Mehmet Metiner Ali Babacan'ın Kürtlerle İlgili Hamlesini Kurnazca Buldu

Yeni Şafak yazarı ve eski AKP milletvekili Mehmet Metiner, bugünkü yazısında, DEVA Partisi’nin, Temel Haklar Eylem Planı’nda anayasanın 66. maddesinde yer alan vatandaşlık tanımını yeniden ele almayı teklif etmesini değerlendirdi.

DEVA Partisi'nin kuruluşundan itibaren Kürtlere yöneldiğini ve bu çerçevede HDP ile yakın diyalog geliştirdiğini yazan Metiner, şu değerlendirmede bulundu:


Ads by Kiosked
“Ali Babacan’ın AK Parti’nin içine Kürtler üzerinden yaptığı hamle, ziyadesiyle kurnazcaydı. Bir tür siyasi tuzaktı gündeme taşıdıkları. Babacan’ın hesabı şuydu: MHP gündeme taşıdığı bu konular dolayısıyla sert tepki gösterecek, AK Parti de MHP’nin tepkisinden sonra suskun kalmayı tercih edecek, bu durumda kendisi kalkıp, 'Gördünüz mü AK Parti’de Kürt temsiline yer yok, Kürtlerin talepleri konusunda artık kulaklarını kapatmış, Kürtlerin dilleriyle ilgili taleplerini dahi bölücülük olarak gören bir ittifakın parçası AK Parti var!' diyecek. Böylelikle seçim sürecinde Kürtlere yönelik propagandasını AK Parti karşıtlığı üzerinden bu eksende sürdürecek.” 

DEVA Partisi’nin geçen seçimde HDP’ye oy verip şimdilerde kararsız olan Kürt seçmenin Erdoğan’a yönelmesinin önüne geçmeyi hedeflediğini dile getiren Metiner, “Kürtlerin hassasiyetlerine oynuyorlar. Türklük üzerinden hala Kürt varlığının ve kimliğinin ötelendiği, inkâr edildiği algısını oluşturmaya çalışıyorlar.

İki ayaklı bir taktik oyundur bu. Birincisi, Reis’e destek veren Kürtleri Reis’ten uzaklaştırmak. İkincisi, Reis’e tekrar yönelebilecek Kürt seçmen desteğinin önünü kesmek” dedi.

AKP’nin sadece Türklerin değil Kürtlerin de partisi olduğunu belirten Metiner, şöyle devam etti:

"Türkiye Kürtleri asla Reis’in kendileri için yaptıklarını unutmazlar. Kürtler zinhar nankör değildirler. Kürtler gerçekte kimin kendilerinin gerçek dostu olduğunu, kimlerin de kendilerini siyaseten istismar ettiklerini çok iyi bilirler.

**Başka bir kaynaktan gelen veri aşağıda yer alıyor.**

lemma mixture_fwd_post_eq_reweighted_rev_cond:
  fixes p q :: "'x::finite pmf" and F :: "real \<Rightarrow> 'x \<Rightarrow> 'v::finite pmf"
  assumes markov: "\<forall>x z'. pmf (F b x) z' = (\<Sum>z\<in>UNIV. pmf (F a x) z * pmf (K a b z) z')"
    and abs_cont: "\<forall>x. pmf q x > 0 \<longrightarrow> pmf p x > 0"
    and pos: "0 < marg q F b zt"
  shows "(\<Sum>x\<in>UNIV. pmf q x * pmf (F b x) zt * fwd_post F K a b x zt zs) / marg q F b zt
     = rev_cond p F K a b zt zs * ratio_exp p q F a zs
       / (\<Sum>zs'\<in>UNIV. rev_cond p F K a b zt zs' * ratio_exp p q F a zs')"
proof -
  have reweighted: "rev_cond p F K a b zt z * ratio_exp p q F a z
      = pmf (K a b z) zt * marg q F a z / marg p F b zt" for z
    using marg_mult_ratio_exp[OF abs_cont, of F a z] unfolding rev_cond_def
    by (simp add: field_simps)
  have "0 < marg p F b zt" using marg_pos_of_abs_cont[OF abs_cont pos] .
  with pos show ?thesis
    unfolding sum_weighted_fwd_post[where F = F and K = K and a = a and b = b, OF markov]
      reweighted sum_divide_distrib[symmetric]
      marg_chapman_kolmogorov[where F = F and K = K and a = a and b = b, OF markov]
    by (simp add: field_simps)
qed

section \<open>The training objective\<close>

text \<open>The finiteness of the optimal values matters: in ereal, adding \<infinity> to both sides of a
  strict inequality destroys it.\<close>

lemma sum_minimiser_eq_componentwise_minimiser:
  fixes G :: "'j \<Rightarrow> 'a \<Rightarrow> ereal"
  assumes "finite A" and "j \<in> A"
    and opt_finite: "\<forall>k\<in>A. \<bar>G k (opt k)\<bar> \<noteq> \<infinity>"
    and opt_le: "\<forall>k\<in>A. \<forall>a. G k (opt k) \<le> G k a"
    and opt_unique: "\<forall>a. a \<noteq> opt j \<longrightarrow> G j (opt j) < G j a"
    and minimal: "(\<Sum>k\<in>A. G k (\<phi> k)) \<le> (\<Sum>k\<in>A. G k (opt k))"
  shows "\<phi> j = opt j"
proof (rule ccontr)
  assume "\<phi> j \<noteq> opt j"
  have "(\<Sum>k\<in>A - {j}. G k (opt k)) = (\<Sum>k\<in>A - {j}. ereal (real_of_ereal (G k (opt k))))"
    using opt_finite by (intro sum.cong) (auto simp: ereal_real')
  then obtain r where r: "(\<Sum>k\<in>A - {j}. G k (opt k)) = ereal r" by simp
  have "(\<Sum>k\<in>A. G k (opt k)) = G j (opt j) + ereal r"
    using assms(1,2) r by (simp add: sum.remove)
  also have "\<dots> < G j (\<phi> j) + ereal r"
    using opt_unique \<open>\<phi> j \<noteq> opt j\<close> opt_finite \<open>j \<in> A\<close>
    by (cases "G j (opt j)"; cases "G j (\<phi> j)") auto
  also have "\<dots> \<le> G j (\<phi> j) + (\<Sum>k\<in>A - {j}. G k (\<phi> k))"
    unfolding r[symmetric] using opt_le by (intro add_left_mono sum_mono) auto
  also have "\<dots> = (\<Sum>k\<in>A. G k (\<phi> k))"
    using assms(1,2) by (simp add: sum.remove)
  finally show False using minimal by simp
qed

lemma objective_eq_sum_weighted_KL:
  "objective q F K s t T \<psi> = (\<Sum>(i, z)\<in>{1..T} \<times> UNIV.
     weighted_KL (\<lambda>x. pmf q x * pmf (F (t i) x) z) (\<lambda>x. fwd_post F K (s i) (t i) x z) (\<psi> i z))"
proof -
  have "objective q F K s t T \<psi> = (\<Sum>i\<in>{1..T}. \<Sum>x\<in>UNIV. \<Sum>z\<in>UNIV.
      ereal (pmf q x * pmf (F (t i) x) z) * KL (fwd_post F K (s i) (t i) x z) (\<psi> i z))"
    unfolding objective_def by (rule sum.swap)
  also have "\<dots> = (\<Sum>i\<in>{1..T}. \<Sum>z\<in>UNIV. \<Sum>x\<in>UNIV.
      ereal (pmf q x * pmf (F (t i) x) z) * KL (fwd_post F K (s i) (t i) x z) (\<psi> i z))"
    by (intro sum.cong refl) (rule sum.swap)
  finally show ?thesis
    unfolding weighted_KL_def sum.cartesian_product[symmetric] by simp
qed

lemma objective_minimiser_eq_mixture:
  assumes markov: "\<forall>i\<in>{1..T}. \<forall>x z'. pmf (F (t i) x) z' =
                    (\<Sum>z\<in>UNIV. pmf (F (s i) x) z * pmf (K (s i) (t i) z) z')"
    and minimizer: "\<forall>\<psi>. objective q F K s t T \<psi>star \<le> objective q F K s t T \<psi>"
    and i: "i \<in> {1..T}" and pos: "0 < marg q F (t i) zt"
  shows "\<psi>star i zt = mixture (\<lambda>x. pmf q x * pmf (F (t i) x) zt) (\<lambda>x. fwd_post F K (s i) (t i) x zt)"
proof -
  define w where "w = (\<lambda>(j, z) x. pmf q x * pmf (F (t j) x) z)"
  define P where "P = (\<lambda>(j, z) x. fwd_post F K (s j) (t j) x z)"
  let ?A = "{1..T} \<times> (UNIV :: 'v set)"
  have w0: "\<forall>x. 0 \<le> w k x" for k by (simp add: w_def split: prod.split)
  have P0: "\<forall>x z. 0 \<le> P k x z" for k by (simp add: P_def fwd_post_def split: prod.split)
  have P1: "\<forall>x. 0 < w k x \<longrightarrow> sum (P k x) UNIV = 1" if "k \<in> ?A" for k
    using that markov by (auto simp: w_def P_def zero_less_mult_iff intro!: fwd_post_sum_eq_1)
  have W: "0 < sum (w (i, zt)) UNIV" using pos by (simp add: w_def marg_def)
  have minimal: "(\<Sum>k\<in>?A. weighted_KL (w k) (P k) (case_prod \<psi>star k))
      \<le> (\<Sum>k\<in>?A. weighted_KL (w k) (P k) (mixture (w k) (P k)))"
    using minimizer[rule_format, of "\<lambda>j z. mixture (w (j, z)) (P (j, z))"]
    by (simp add: objective_eq_sum_weighted_KL w_def P_def case_prod_beta)
  have "case_prod \<psi>star (i, zt) = mixture (w (i, zt)) (P (i, zt))"
    using i weighted_KL_mixture_finite[OF w0 P0 P1] weighted_KL_mixture_le[OF w0 P0 P1]
      weighted_KL_mixture_less[OF w0 P0 P1 W] minimal
    by (intro sum_minimiser_eq_componentwise_minimiser[where G = "\<lambda>k. weighted_KL (w k) (P k)"])
      auto
  then show ?thesis by (simp add: w_def P_def)
qed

Keşke AK Parti dışından Babacan’a verilen kimi cevaplar, bu oyun planını ve siyasi tuzağı bozacak içerikte olsaydı. Babacan’ın arayıp da bulamayacağı fırsatı ona sunmak, üstelik bunu Kürtleri ve Kürtçeyi yanlış anlaşılmaya müsait sorunlu ifadelerin muhatabı kılarak yapmak yanlıştı. O eski Türkiye’nin tehlikeli ve zararlı Türklük-Kürtlük tartışmalarına kapı aralayacak nitelikteki söylemleri çağrıştıran bir cevabi dile keşke tevessül edilmeseydi. O yüzden diyorum ki devletimizin bekası ve milletimizin birliği açısından henüz vakit varken bu tartışmanın mecrasını değiştirmekte yarar vardır. Aksi takdirde bu ülkenin birliğinin teminatı olan Kürtler üzerinden bölücü-çatışmacı senaryolar üreten odakların değirmenine bilmeden su taşınmış olur.

'Biz farklılıklarımızla birlikte Türkiye’yiz' söyleminin yeni dönemde çok iyi anlatılması bu yüzden olmazsa olmaz öneme sahiptir.


Türk-Kürt kardeşliğini örseleyecek sözlerden kaçınmak, bu ülkenin birliğinden yana olanların öncelikle boyunlarının borcudur.”